Con la apertura económica, el mercado automotor argentino cambia drásticamente. BYD, la marca china, planea liderar las ventas en el país en los próximos años, desafiando a las tradicionales Toyota, VW, Ford y Fiat.
Con la apertura económica dispuesta por el actual Gobierno, el sector automotor en Argentina está experimentando una transformación significativa. Tras un período de fuertes restricciones a las importaciones entre 2020 y fines de 2023, el mercado ahora se caracteriza por una mayor competencia.
Hasta ese momento, la oferta de vehículos era limitada y los vehículos de producción nacional dominaban: el 98% de las ventas se concentraba en 5 o 6 marcas agrupadas en ADEFA. Actualmente, ese porcentaje está disminuyendo. Según la Cámara de Importadores de Marcas no Radicadas (CIDOA), los 0 km que comercializan ya representan el 13% de las operaciones.
En cuanto a la composición del mercado, hasta 2024, el 70% de las ventas correspondía a vehículos producidos en el país y solo el 30% a importados. Hoy, esa relación se invirtió: los 0 km importados dominan ampliamente. Los consumidores son los principales beneficiados, con más opciones y descuentos, dejando atrás los sobreprecios de la oferta restringida.
Las marcas chinas son la principal novedad y protagonistas de esta nueva era. Se estima que unas 27 marcas operan en el país, y el número sigue creciendo. BYD, el mayor exponente chino, busca consolidarse como líder.
BYD quiere ser la automotriz número 1 de Argentina en 2029
BYD es una de las marcas más importantes de China y está logrando una fuerte presencia global. En Argentina, desde su inicio en agosto del año pasado, muestra un rápido crecimiento que la convirtió en la automotriz china más vendida. Su plan incluye objetivos claros:
- Para 2028, el objetivo es estar en el tercer puesto; ser N°1 ese año sería un éxito, pero no es la meta exigida.
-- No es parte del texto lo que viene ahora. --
lemma Ubar_recursion:
  assumes mc: "is_markov_chain K T \<pi> P" and k: "1 < k" "k \<le> T" and s: "s \<in> paths K T"
  shows "Ubar K T \<pi> P k s = marg K T \<pi> P 1 T s * Ubar K T \<pi> P (k - 1) s"
proof -
  let ?e = "\<lambda>t. P t (s t) (s (Suc t))"
  let ?w = "\<lambda>l j. marg K T \<pi> P (nat (max (j + 1) 1)) (nat (min (j + l) (int T))) s"
  have Ubar: "Ubar K T \<pi> P l s = (\<Prod>j\<in>{1 - int l..int T - 1}. ?w (int l) j)" for l
    unfolding Ubar_def ..
  have first: "?w (int k) (1 - int k) = marg K T \<pi> P 1 1 s" using k by simp
  have range: "{1 - int k..int T - 1} = insert (1 - int k) {2 - int k..int T - 1}" using k by auto
  have "Ubar K T \<pi> P k s = ?w (int k) (1 - int k) * (\<Prod>j\<in>{2 - int k..int T - 1}. ?w (int k) j)"
    unfolding Ubar range by (rule prod.insert) auto
  also have "\<dots> = marg K T \<pi> P 1 1 s * (\<Prod>j\<in>{2 - int k..int T - 1}. ?w (int k) j)"
    unfolding first ..
  also have "(\<Prod>j\<in>{2 - int k..int T - 1}. ?w (int k) j)
      = (\<Prod>j\<in>{2 - int k..int T - 1}. ?w (int k - 1) j)
        * (\<Prod>j\<in>{2 - int k..int T - 1}.
            if j + int k \<le> int T then ?e (nat (j + int k - 1)) else 1)"
    unfolding prod.distrib[symmetric]
    by (rule prod.cong[OF refl]) (use marg_window_Suc[OF mc s k(1)] k in \<open>auto simp: algebra_simps\<close>)
  also have "(\<Prod>j\<in>{2 - int k..int T - 1}. ?w (int k - 1) j) = Ubar K T \<pi> P (k - 1) s"
    unfolding Ubar using k by (simp add: of_nat_diff)
  also have "(\<Prod>j\<in>{2 - int k..int T - 1}.
      if j + int k \<le> int T then ?e (nat (j + int k - 1)) else 1) = (\<Prod>t\<in>{1..<T}. ?e t)"
    using k by (intro prod_transitions_shifted) simp
  also have "marg K T \<pi> P 1 1 s * (Ubar K T \<pi> P (k - 1) s * (\<Prod>t\<in>{1..<T}. ?e t))
      = (marg K T \<pi> P 1 1 s * (\<Prod>t\<in>{1..<T}. ?e t)) * Ubar K T \<pi> P (k - 1) s"
    by (simp add: algebra_simps)
  also have "marg K T \<pi> P 1 1 s * (\<Prod>t\<in>{1..<T}. ?e t) = marg K T \<pi> P 1 T s"
    using marg_prefix[OF mc _ _ s, of T] k by simp
  finally show ?thesis .
qed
- Para 2029, la marca aspira a ser líder en ventas del mercado argentino.
BYD tiene más de 20 modelos, pero en Argentina comercializa solo cinco. En los próximos meses, lanzará nuevos modelos para ocupar otros segmentos y aumentar las ventas. Desde su llegada, directivos indicaron que no venían para ser un jugador más, sino para liderar el mercado en un tiempo relativamente corto.
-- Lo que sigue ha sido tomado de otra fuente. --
lemma in_span_Un_image_finite:
  assumes "x \<in> span (W \<union> d ` T)"
  obtains T' where "finite T'" "T' \<subseteq> T" "x \<in> span (W \<union> d ` T')"
proof -
  obtain t r where x: "x = (\<Sum>a\<in>t. r a *s a)" and t: "finite t" "t \<subseteq> W \<union> d ` T"
    using assms unfolding span_explicit by blast
  obtain T' where T': "T' \<subseteq> T" "finite T'" "t \<inter> d ` T = d ` T'"
    using finite_subset_image[of "t \<inter> d ` T" d T] t(1) by blast
  have "x \<in> span t"
    unfolding x by (intro span_sum span_scale span_base)
  moreover have "span t \<subseteq> span (W \<union> d ` T')"
    using t(2) T'(3) by (intro span_mono) blast
  ultimately show ?thesis
    using that T' by blast
qed

lemma span_exchange_outside:
  assumes indep: "\<forall>z\<in>B. d z \<notin> span (W \<union> d ` (B - {z}))"
    and "finite T" "y \<in> B" "y \<notin> T" "d y \<in> span (W \<union> d ` T)"
  shows "\<exists>t\<in>T - B. d t \<in> span (W \<union> d ` (insert y T - {t}))"
  using assms(2-)
proof (induction "card (T - B)" arbitrary: T rule: less_induct)
  case less
  show ?case
  proof (cases "T \<subseteq> B")
    case True
    then have "d y \<in> span (W \<union> d ` (B - {y}))"
      using less.prems span_mono[of "W \<union> d ` T" "W \<union> d ` (B - {y})"] by blast
    then show ?thesis
      using indep less.prems by blast
  next
    case False
    then obtain t where t: "t \<in> T" "t \<notin> B" by blast
    show ?thesis
    proof (cases "d y \<in> span (W \<union> d ` (T - {t}))")
      case True
      have "card (T - {t} - B) < card (T - B)"
        using less.prems t by (intro psubset_card_mono) auto
      then obtain t' where t': "t' \<in> T - {t} - B"
          "d t' \<in> span (W \<union> d ` (insert y (T - {t}) - {t'}))"
        using less.hyps[of "T - {t}"] less.prems True by auto
      have "span (W \<union> d ` (insert y (T - {t}) - {t'})) \<subseteq> span (W \<union> d ` (insert y T - {t'}))"
        by (intro span_mono) blast
      then show ?thesis
        using t' by blast
    next
      case False
      have "y \<noteq> t"
        using less.prems(2) t(2) by blast
      have "W \<union> d ` T = insert (d t) (W \<union> d ` (T - {t}))"
        using t(1) by blast
      then have "d y \<in> span (insert (d t) (W \<union> d ` (T - {t})))"
        using less.prems(4) by simp
      from in_span_insert[OF this False]
      have "d t \<in> span (insert (d y) (W \<union> d ` (T - {t})))" .
      also have "insert (d y) (W \<union> d ` (T - {t})) = W \<union> d ` (insert y T - {t})"
        using \<open>y \<noteq> t\<close> by (simp add: insert_Diff_if)
      finally show ?thesis
        using t by blast
    qed
  qed
qed

lemma coindep_augment:
  assumes I: "I \<in> coindep W d E" and J: "J \<in> coindep W d E" "I \<subset> J"
    and I': "maximal_in (coindep W d E) I'"
  shows "\<exists>x\<in>I' - I. insert x I \<in> coindep W d E"
proof -
  obtain y where y: "y \<in> J" "y \<notin> I"
    using J(2) by blast
  have "y \<in> E"
    using J(1) y(1) by (auto simp: coindep_def)
  have "d y \<in> span (W \<union> d ` (E - J))"
    using J(1) \<open>y \<in> E\<close> by (auto simp: coindep_def)
  moreover have "span (W \<union> d ` (E - J)) \<subseteq> span (W \<union> d ` (E - I - {y}))"
    using J(2) y by (intro span_mono) blast
  ultimately have y_span: "d y \<in> span (W \<union> d ` (E - I - {y}))"
    by blast
  show ?thesis
  proof (cases "y \<in> I'")
    case True
    then show ?thesis
      using coindep_insert[OF I \<open>y \<in> E\<close> y_span] y(2) by blast
  next
    case False
    have indep: "\<forall>z\<in>E - I'. d z \<notin> span (W \<union> d ` (E - I' - {z}))"
    proof (intro ballI notI)
      fix z
      assume "z \<in> E - I'" "d z \<in> span (W \<union> d ` (E - I' - {z}))"
      then have "insert z I' \<in> coindep W d E"
        using I' coindep_insert by (auto simp: maximal_in_def)
      then show False
        using I' \<open>z \<in> E - I'\<close> by (auto simp: maximal_in_def)
    qed
    obtain T where T: "finite T" "T \<subseteq> E - I - {y}" "d y \<in> span (W \<union> d ` T)"
      using y_span by (rule in_span_Un_image_finite)
    then obtain t where t: "t \<in> T - (E - I')" "d t \<in> span (W \<union> d ` (insert y T - {t}))"
      using span_exchange_outside[OF indep, of T y] False \<open>y \<in> E\<close> by blast
    have "span (W \<union> d ` (insert y T - {t})) \<subseteq> span (W \<union> d ` (E - I - {t}))"
      using T(2) y(2) \<open>y \<in> E\<close> by (intro span_mono) blast
    then have "insert t I \<in> coindep W d E"
      using coindep_insert[OF I] t T(2) by blast
    moreover have "t \<in> I' - I"
      using t(1) T(2) by blast
    ultimately show ?thesis
      by blast
  qed
qed

lemma coindep_diff_extension:
  assumes I: "I \<in> coindep W d E" "I \<subseteq> X" and "X \<subseteq> E"
    and B0: "B0 \<subseteq> span (W \<union> d ` (E - X))" "W \<union> d ` (E - X) \<subseteq> span B0"
    and B1: "B0 \<subseteq> B1" "d ` (X - I) \<subseteq> span B1"
    and K: "K \<subseteq> X" "B1 - B0 \<subseteq> d ` K"
  shows "X - K \<in> coindep W d E"
proof -
  have B0_B1: "span B0 \<subseteq> span B1"
    using B1(1) by (rule span_mono)
  have "d ` E \<subseteq> span (W \<union> d ` (E - I))"
    using I(1) by (simp add: coindep_def)
  also have "\<dots> \<subseteq> span B1"
  proof (rule span_minimal[OF _ subspace_span])
    have "E - I = (E - X) \<union> (X - I)"
      using I(2) \<open>X \<subseteq> E\<close> by blast
    then show "W \<union> d ` (E - I) \<subseteq> span B1"
      using B0(2) B0_B1 B1(2) by blast
  qed
  also have "\<dots> \<subseteq> span (W \<union> d ` (E - (X - K)))"
  proof (rule span_minimal[OF _ subspace_span])
    have "span (W \<union> d ` (E - X)) \<subseteq> span (W \<union> d ` (E - (X - K)))"
      by (intro span_mono) blast
    with B0(1) have "B0 \<subseteq> span (W \<union> d ` (E - (X - K)))"
      by (rule subset_trans)
    moreover have "d ` K \<subseteq> W \<union> d ` (E - (X - K))"
      using K(1) \<open>X \<subseteq> E\<close> by blast
    then have "B1 - B0 \<subseteq> span (W \<union> d ` (E - (X - K)))"
      using K(2) span_superset by (blast intro: subset_trans)
    ultimately show "B1 \<subseteq> span (W \<union> d ` (E - (X - K)))"
      by blast
  qed
  finally show ?thesis
    using \<open>X \<subseteq> E\<close> by (auto simp: coindep_def)
qed

lemma coindep_diff_extension_maximal:
  assumes inj: "inj_on d E" and "X \<subseteq> E"
    and B0: "W \<union> d ` (E - X) \<subseteq> span B0"
    and B1: "B0 \<subseteq> B1" "independent B1"
    and K: "K \<subseteq> X" "d ` K \<subseteq> B1 - B0"
    and J: "J \<in> coindep W d E" "J \<subseteq> X" "X - K \<subseteq> J"
  shows "J = X - K"
proof (rule ccontr)
  assume "J \<noteq> X - K"
  then obtain e where e: "e \<in> J" "e \<in> K"
    using J(2,3) by blast
  have "d e \<in> span (W \<union> d ` (E - J))"
    using J(1) e(1) by (auto simp: coindep_def)
  also have "\<dots> \<subseteq> span (B1 - {d e})"
  proof (rule span_minimal[OF _ subspace_span])
    have "d e \<notin> B0"
      using e(2) K(2) by blast
    then have "span B0 \<subseteq> span (B1 - {d e})"
      using B1(1) by (intro span_mono) blast
    then have "W \<union> d ` (E - X) \<subseteq> span (B1 - {d e})"
      using B0 by (rule subset_trans[rotated])
    then have W_span: "W \<subseteq> span (B1 - {d e})" and X_span: "d ` (E - X) \<subseteq> span (B1 - {d e})"
      by simp_all
    have K_span: "d ` (K - {e}) \<subseteq> span (B1 - {d e})"
    proof
      fix v
      assume "v \<in> d ` (K - {e})"
      then obtain f where f: "f \<in> K" "f \<noteq> e" "v = d f"
        by blast
      have "d f \<noteq> d e"
        using inj_onD[OF inj] f(1,2) e(2) K(1) \<open>X \<subseteq> E\<close> by blast
      then show "v \<in> span (B1 - {d e})"
        using f K(2) by (blast intro: span_base)
    qed
    have "E - J \<subseteq> (E - X) \<union> (K - {e})"
      using J(3) e(1) by blast
    then have "d ` (E - J) \<subseteq> d ` (E - X) \<union> d ` (K - {e})"
      by blast
    then show "W \<union> d ` (E - J) \<subseteq> span (B1 - {d e})"
      by (rule Un_least[OF W_span subset_trans[OF _ Un_least[OF X_span K_span]]])
  qed
  finally have "d e \<in> span (B1 - {d e})" .
  moreover have "d e \<in> B1"
    using e(2) K(2) by blast
  ultimately show False
    using B1(2) unfolding dependent_def by blast
qed

lemma coindep_has_maximal:
  assumes inj: "inj_on d E" and I: "I \<in> coindep W d E" "I \<subseteq> X" and "X \<subseteq> E"
  shows "\<exists>M. maximal_in {J \<in> coindep W d E. I \<subseteq> J \<and> J \<subseteq> X} M"
proof -
  obtain B0 where B0: "B0 \<subseteq> span (W \<union> d ` (E - X))" "independent B0"
      "span (W \<union> d ` (E - X)) \<subseteq> span B0"
    by (rule maximal_independent_subset)
  obtain B1 where B1: "B0 \<subseteq> B1" "B1 \<subseteq> B0 \<union> d ` (X - I)" "independent B1"
      "B0 \<union> d ` (X - I) \<subseteq> span B1"
    using maximal_independent_subset_extend[OF _ B0(2), of "B0 \<union> d ` (X - I)"] by blast
  have B0_span: "W \<union> d ` (E - X) \<subseteq> span B0"
    using span_superset B0(3) by (rule subset_trans)
  have B1_span: "d ` (X - I) \<subseteq> span B1"
    using B1(4) by blast
  define K where "K = {e \<in> X - I. d e \<in> B1 - B0}"
  have K_X: "K \<subseteq> X" and K_B: "d ` K \<subseteq> B1 - B0"
    unfolding K_def by blast+
  have B_K: "B1 - B0 \<subseteq> d ` K"
    using B1(2) unfolding K_def by blast
  have "X - K \<in> coindep W d E"
    using I \<open>X \<subseteq> E\<close> B0(1) B0_span B1(1) B1_span K_X B_K by (rule coindep_diff_extension)
  moreover have "I \<subseteq> X - K"
    using I(2) unfolding K_def by blast
  moreover have "J = X - K" if "J \<in> coindep W d E" "J \<subseteq> X" "X - K \<subseteq> J" for J
    using inj \<open>X \<subseteq> E\<close> B0_span B1(1,3) K_X K_B that by (rule coindep_diff_extension_maximal)
  ultimately have "maximal_in {J \<in> coindep W d E. I \<subseteq> J \<and> J \<subseteq> X} (X - K)"
    unfolding maximal_in_def by blast
  then show ?thesis
    by blast
qed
Ser N°1 en ventas en Argentina requiere un volumen cercano a las 90.000 unidades anuales, similar al de Volkswagen o Toyota. BYD no parece encontrar obstáculo en eso. Si bien hasta ahora importó dentro del cupo sin arancel de 50.000 unidades para autos híbridos o eléctricos, también empezó a hacerlo por fuera de ese régimen. En la última licitación obtuvo un volumen de importación de unas 7.000 unidades, más el remanente del cupo de 2025. Actualmente, tiene stock para vender 6.000 unidades. Como importará fuera del beneficio fiscal, podrá superar ese volumen este año. También planea importar desde su planta en Brasil, lo que le permitiría un crecimiento sin límites.
El cronograma secreto que BYD compartió con sus concesionarias
BYD tiene un cronograma definido para su crecimiento en Argentina, comunicado internamente a su red de concesionarias. Según estas proyecciones, el objetivo de máxima para 2026 es alcanzar el quinto puesto en el ranking general de ventas. Lograrlo este año sería un éxito. Actualmente, BYD está en el puesto 10 del acumulado anual, con 5.300 unidades patentadas, superando por poco a Nissan. Para llegar al quinto puesto, debería superar a Chevrolet, Peugeot y Renault, que acumulan entre 15.000 y 17.000 unidades.
La evolución de BYD es creciente: en mayo se ubicó en la sexta posición, superando a Renault y Peugeot. El acumulado de 2026 se vio afectado por los primeros dos meses, pero con la llegada de 7.000 vehículos en enero, la marca crecerá fuerte. Si no logra el quinto puesto en 2026, la meta para 2027 es estar sí o sí en el top five, cuando comenzarán a llegar productos desde Brasil, lo que habilitará mayor volumen.
Actualmente, el crecimiento está limitado más por el abastecimiento de vehículos que por la demanda, que es muy fuerte.